TASK OBJECTIVE: Among the lines of the listing below, count those with the string "exists". Give the number and no commentary.

DATA PROVIDED:

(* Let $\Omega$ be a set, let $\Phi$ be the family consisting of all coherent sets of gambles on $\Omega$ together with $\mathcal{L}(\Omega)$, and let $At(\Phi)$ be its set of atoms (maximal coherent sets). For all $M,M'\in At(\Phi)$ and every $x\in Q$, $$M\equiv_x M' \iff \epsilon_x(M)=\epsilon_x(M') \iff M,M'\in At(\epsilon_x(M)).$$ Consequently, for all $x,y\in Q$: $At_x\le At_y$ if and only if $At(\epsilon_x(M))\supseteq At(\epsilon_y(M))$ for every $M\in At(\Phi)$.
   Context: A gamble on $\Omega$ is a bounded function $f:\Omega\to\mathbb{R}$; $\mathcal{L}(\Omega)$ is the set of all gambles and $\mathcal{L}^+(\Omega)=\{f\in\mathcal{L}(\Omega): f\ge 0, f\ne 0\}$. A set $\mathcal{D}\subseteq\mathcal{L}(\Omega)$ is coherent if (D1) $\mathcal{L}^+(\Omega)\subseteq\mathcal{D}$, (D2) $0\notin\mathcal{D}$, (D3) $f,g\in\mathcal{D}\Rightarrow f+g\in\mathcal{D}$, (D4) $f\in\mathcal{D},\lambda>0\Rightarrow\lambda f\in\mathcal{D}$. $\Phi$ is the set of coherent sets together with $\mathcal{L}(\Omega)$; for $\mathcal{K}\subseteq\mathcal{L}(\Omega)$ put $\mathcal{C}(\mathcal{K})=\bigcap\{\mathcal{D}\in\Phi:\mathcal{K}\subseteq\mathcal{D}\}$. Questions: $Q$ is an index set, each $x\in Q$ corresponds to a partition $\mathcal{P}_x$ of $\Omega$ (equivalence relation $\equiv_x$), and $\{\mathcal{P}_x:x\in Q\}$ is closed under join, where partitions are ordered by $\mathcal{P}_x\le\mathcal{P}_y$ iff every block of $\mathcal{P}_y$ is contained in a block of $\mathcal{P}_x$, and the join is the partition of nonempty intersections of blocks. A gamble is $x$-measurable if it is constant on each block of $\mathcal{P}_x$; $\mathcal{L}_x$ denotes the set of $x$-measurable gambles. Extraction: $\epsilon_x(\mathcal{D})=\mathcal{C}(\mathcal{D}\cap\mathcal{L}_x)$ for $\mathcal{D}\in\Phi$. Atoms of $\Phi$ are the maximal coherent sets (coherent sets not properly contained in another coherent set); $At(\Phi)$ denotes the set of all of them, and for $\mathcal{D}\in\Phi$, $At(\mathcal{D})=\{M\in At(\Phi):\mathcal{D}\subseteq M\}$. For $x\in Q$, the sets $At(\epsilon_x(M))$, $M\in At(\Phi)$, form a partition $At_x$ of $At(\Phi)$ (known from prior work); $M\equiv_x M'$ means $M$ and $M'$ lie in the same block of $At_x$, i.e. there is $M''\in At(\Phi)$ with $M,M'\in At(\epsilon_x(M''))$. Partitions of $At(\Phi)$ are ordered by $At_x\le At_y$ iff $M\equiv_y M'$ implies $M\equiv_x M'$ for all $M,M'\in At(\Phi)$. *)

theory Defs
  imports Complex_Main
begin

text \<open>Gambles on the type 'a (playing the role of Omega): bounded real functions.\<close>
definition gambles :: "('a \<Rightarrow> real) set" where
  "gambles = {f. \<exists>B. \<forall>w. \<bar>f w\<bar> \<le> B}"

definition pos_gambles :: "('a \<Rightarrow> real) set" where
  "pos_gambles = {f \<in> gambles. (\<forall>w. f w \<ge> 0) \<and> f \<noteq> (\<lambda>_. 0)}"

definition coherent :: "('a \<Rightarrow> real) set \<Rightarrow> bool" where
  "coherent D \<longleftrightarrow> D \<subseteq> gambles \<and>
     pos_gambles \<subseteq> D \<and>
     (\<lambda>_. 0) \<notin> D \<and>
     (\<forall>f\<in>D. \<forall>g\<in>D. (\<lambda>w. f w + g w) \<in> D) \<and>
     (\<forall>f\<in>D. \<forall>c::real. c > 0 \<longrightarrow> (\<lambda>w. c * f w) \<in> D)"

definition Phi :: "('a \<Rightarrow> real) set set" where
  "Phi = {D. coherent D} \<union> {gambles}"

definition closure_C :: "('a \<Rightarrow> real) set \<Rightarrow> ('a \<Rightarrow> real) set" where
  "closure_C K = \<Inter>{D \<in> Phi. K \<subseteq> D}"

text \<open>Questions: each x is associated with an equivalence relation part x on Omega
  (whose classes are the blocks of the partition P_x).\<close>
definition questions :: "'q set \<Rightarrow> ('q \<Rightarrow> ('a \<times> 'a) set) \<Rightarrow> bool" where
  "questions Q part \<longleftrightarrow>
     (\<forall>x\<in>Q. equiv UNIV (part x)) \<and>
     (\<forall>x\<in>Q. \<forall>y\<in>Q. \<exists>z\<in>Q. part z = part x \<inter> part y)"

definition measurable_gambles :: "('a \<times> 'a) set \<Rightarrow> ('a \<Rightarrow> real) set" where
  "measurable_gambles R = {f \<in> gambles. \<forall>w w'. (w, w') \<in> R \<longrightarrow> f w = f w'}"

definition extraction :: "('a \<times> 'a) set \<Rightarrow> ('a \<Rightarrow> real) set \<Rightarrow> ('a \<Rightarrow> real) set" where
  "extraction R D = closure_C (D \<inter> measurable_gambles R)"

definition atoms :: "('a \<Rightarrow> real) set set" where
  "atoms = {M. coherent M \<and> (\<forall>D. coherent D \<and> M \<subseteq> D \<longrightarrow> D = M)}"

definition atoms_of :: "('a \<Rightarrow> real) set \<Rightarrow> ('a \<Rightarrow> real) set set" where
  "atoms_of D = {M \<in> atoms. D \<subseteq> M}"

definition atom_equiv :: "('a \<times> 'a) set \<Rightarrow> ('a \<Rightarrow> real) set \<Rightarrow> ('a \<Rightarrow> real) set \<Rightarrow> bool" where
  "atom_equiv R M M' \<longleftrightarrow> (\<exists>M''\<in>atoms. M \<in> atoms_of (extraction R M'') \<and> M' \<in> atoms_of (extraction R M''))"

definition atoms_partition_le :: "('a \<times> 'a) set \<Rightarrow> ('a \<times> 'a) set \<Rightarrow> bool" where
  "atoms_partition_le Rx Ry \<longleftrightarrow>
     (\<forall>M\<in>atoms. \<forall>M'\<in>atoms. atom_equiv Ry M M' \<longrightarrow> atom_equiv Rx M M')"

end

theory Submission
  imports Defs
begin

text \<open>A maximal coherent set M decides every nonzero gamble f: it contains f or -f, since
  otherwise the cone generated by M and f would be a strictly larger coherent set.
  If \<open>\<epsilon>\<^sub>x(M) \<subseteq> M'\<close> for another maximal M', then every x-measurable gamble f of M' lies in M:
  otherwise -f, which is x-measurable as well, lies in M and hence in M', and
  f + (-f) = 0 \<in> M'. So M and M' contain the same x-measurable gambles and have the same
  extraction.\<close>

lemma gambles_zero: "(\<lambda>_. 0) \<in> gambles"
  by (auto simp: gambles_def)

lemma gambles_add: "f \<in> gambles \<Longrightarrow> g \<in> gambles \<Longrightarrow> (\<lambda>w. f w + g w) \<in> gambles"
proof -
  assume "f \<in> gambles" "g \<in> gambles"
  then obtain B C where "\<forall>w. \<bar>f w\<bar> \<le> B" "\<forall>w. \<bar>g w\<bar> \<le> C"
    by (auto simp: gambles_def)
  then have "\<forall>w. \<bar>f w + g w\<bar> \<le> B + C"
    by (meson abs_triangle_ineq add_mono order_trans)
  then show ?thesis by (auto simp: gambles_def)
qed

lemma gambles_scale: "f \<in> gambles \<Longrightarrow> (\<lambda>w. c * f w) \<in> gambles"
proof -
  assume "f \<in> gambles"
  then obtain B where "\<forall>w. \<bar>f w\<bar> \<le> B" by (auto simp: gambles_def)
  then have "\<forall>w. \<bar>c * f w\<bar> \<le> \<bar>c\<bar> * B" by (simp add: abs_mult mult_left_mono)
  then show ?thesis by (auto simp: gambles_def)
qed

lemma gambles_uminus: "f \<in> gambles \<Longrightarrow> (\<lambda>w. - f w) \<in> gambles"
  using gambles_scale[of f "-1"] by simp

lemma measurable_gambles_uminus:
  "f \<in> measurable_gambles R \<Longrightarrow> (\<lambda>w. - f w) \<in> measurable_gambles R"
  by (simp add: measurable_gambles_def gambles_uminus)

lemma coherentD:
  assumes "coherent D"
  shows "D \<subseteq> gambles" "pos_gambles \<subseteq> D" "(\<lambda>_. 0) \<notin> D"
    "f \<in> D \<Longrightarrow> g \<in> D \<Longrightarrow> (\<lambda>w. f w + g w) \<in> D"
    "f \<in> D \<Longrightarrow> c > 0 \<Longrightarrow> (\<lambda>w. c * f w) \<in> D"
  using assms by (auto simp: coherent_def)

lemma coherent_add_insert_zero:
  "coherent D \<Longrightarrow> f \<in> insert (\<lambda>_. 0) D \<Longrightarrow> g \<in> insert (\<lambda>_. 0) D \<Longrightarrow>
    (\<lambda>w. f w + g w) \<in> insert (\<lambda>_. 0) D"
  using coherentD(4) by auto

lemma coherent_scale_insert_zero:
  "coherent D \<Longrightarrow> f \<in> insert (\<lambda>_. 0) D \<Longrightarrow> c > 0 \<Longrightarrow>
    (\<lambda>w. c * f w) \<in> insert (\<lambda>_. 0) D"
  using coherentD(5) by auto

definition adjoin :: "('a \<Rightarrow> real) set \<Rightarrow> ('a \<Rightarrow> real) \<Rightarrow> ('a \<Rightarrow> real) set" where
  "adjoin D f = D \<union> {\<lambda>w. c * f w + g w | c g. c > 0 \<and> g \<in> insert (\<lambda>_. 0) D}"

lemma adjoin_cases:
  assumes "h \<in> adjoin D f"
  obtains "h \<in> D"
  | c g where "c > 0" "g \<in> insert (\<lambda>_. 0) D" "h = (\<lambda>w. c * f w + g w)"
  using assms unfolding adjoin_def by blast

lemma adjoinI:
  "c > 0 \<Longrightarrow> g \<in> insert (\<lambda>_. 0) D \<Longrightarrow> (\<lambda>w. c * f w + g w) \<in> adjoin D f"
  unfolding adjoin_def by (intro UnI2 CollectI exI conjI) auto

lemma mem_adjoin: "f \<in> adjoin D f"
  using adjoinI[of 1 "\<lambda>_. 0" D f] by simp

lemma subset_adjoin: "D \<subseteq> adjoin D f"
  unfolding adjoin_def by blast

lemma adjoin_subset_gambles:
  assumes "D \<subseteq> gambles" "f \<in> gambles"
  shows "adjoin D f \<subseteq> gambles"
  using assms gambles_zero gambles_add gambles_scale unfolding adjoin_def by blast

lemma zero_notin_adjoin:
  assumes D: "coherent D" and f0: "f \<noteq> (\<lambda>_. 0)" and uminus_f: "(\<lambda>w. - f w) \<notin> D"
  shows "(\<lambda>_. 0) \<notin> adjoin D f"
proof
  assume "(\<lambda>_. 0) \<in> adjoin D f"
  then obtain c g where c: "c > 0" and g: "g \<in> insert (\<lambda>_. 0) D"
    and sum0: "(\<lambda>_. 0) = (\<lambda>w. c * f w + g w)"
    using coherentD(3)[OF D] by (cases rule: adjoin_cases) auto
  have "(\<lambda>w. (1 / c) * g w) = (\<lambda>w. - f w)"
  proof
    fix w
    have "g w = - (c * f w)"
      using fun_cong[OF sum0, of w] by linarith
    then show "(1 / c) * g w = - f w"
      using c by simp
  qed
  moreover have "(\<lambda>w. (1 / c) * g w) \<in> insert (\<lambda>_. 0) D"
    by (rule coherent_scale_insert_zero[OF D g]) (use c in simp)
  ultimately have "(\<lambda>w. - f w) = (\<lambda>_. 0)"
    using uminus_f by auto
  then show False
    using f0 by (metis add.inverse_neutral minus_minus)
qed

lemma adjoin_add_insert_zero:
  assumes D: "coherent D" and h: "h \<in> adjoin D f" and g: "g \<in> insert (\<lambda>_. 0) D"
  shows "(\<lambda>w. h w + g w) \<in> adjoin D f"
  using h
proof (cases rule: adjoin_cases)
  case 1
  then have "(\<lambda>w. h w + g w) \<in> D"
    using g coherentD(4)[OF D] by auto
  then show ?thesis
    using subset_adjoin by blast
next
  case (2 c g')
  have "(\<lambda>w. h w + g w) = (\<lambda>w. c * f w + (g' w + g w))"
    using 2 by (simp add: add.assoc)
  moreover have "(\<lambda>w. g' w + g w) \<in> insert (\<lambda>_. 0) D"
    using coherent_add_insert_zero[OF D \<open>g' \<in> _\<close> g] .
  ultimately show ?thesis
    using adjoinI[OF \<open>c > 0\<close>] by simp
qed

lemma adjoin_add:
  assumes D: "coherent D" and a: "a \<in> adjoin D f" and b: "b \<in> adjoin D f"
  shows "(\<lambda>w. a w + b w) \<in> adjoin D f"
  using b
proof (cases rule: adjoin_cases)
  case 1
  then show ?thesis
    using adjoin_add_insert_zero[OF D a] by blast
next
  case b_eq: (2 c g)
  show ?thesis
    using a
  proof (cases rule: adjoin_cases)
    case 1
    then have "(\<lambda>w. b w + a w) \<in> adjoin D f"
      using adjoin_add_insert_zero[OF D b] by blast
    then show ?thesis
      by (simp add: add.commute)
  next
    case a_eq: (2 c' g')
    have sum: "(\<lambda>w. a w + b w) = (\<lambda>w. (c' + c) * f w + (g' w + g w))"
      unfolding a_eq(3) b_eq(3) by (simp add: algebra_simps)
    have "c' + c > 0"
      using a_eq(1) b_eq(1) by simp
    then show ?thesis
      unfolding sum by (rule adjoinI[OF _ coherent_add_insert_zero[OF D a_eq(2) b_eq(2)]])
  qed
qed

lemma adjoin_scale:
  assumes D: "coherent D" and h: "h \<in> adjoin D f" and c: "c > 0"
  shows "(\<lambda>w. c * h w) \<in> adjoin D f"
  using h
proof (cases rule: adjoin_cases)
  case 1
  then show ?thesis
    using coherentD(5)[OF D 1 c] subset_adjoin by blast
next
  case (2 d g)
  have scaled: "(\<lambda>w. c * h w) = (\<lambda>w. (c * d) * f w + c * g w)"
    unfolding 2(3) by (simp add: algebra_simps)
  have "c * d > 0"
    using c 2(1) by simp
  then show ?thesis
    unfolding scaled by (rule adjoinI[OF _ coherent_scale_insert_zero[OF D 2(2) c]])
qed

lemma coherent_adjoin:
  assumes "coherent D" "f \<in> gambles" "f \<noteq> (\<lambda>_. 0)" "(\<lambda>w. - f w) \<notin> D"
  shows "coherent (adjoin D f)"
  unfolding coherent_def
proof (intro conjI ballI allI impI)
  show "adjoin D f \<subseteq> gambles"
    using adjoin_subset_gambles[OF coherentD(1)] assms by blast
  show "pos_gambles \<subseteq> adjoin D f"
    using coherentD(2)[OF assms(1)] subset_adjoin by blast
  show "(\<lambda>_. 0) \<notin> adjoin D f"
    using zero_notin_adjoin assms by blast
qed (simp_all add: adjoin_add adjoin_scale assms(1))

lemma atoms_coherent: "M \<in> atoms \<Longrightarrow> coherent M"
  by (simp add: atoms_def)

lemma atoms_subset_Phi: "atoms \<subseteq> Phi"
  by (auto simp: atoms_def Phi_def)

SOLUTION: 3